◆ TO DO:
Across the records below, count every line that contains the string "step", then report the count alone.
=== RECORDS FOR THE TASK ===
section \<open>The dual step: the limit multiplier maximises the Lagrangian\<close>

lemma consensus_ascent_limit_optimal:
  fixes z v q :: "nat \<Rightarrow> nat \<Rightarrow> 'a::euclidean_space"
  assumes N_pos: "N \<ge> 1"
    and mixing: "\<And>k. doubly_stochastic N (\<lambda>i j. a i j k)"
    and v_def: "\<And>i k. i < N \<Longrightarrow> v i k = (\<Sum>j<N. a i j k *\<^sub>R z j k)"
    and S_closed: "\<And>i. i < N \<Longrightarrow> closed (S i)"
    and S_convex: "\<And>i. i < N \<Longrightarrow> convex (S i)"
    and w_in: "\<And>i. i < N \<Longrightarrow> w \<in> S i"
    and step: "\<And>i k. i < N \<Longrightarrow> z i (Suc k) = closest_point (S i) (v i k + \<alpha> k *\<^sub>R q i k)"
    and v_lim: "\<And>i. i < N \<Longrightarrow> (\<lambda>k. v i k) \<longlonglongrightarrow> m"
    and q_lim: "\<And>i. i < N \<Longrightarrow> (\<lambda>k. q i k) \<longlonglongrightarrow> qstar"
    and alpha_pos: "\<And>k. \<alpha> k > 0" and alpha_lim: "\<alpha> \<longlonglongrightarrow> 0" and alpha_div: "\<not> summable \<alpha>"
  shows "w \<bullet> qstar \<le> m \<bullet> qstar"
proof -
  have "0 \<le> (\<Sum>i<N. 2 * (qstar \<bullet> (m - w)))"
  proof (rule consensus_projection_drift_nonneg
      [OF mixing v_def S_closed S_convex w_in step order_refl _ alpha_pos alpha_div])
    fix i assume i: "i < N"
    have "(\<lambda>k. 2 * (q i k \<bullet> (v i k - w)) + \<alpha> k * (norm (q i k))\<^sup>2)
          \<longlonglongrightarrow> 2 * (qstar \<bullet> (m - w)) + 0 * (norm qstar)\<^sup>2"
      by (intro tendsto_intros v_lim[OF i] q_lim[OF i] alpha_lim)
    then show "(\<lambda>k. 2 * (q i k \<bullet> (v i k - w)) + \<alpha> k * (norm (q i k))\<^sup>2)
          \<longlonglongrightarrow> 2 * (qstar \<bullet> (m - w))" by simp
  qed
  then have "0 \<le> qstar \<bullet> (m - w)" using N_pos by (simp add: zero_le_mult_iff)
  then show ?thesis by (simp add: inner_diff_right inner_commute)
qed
===
◆ WORKED SOLUTION:
3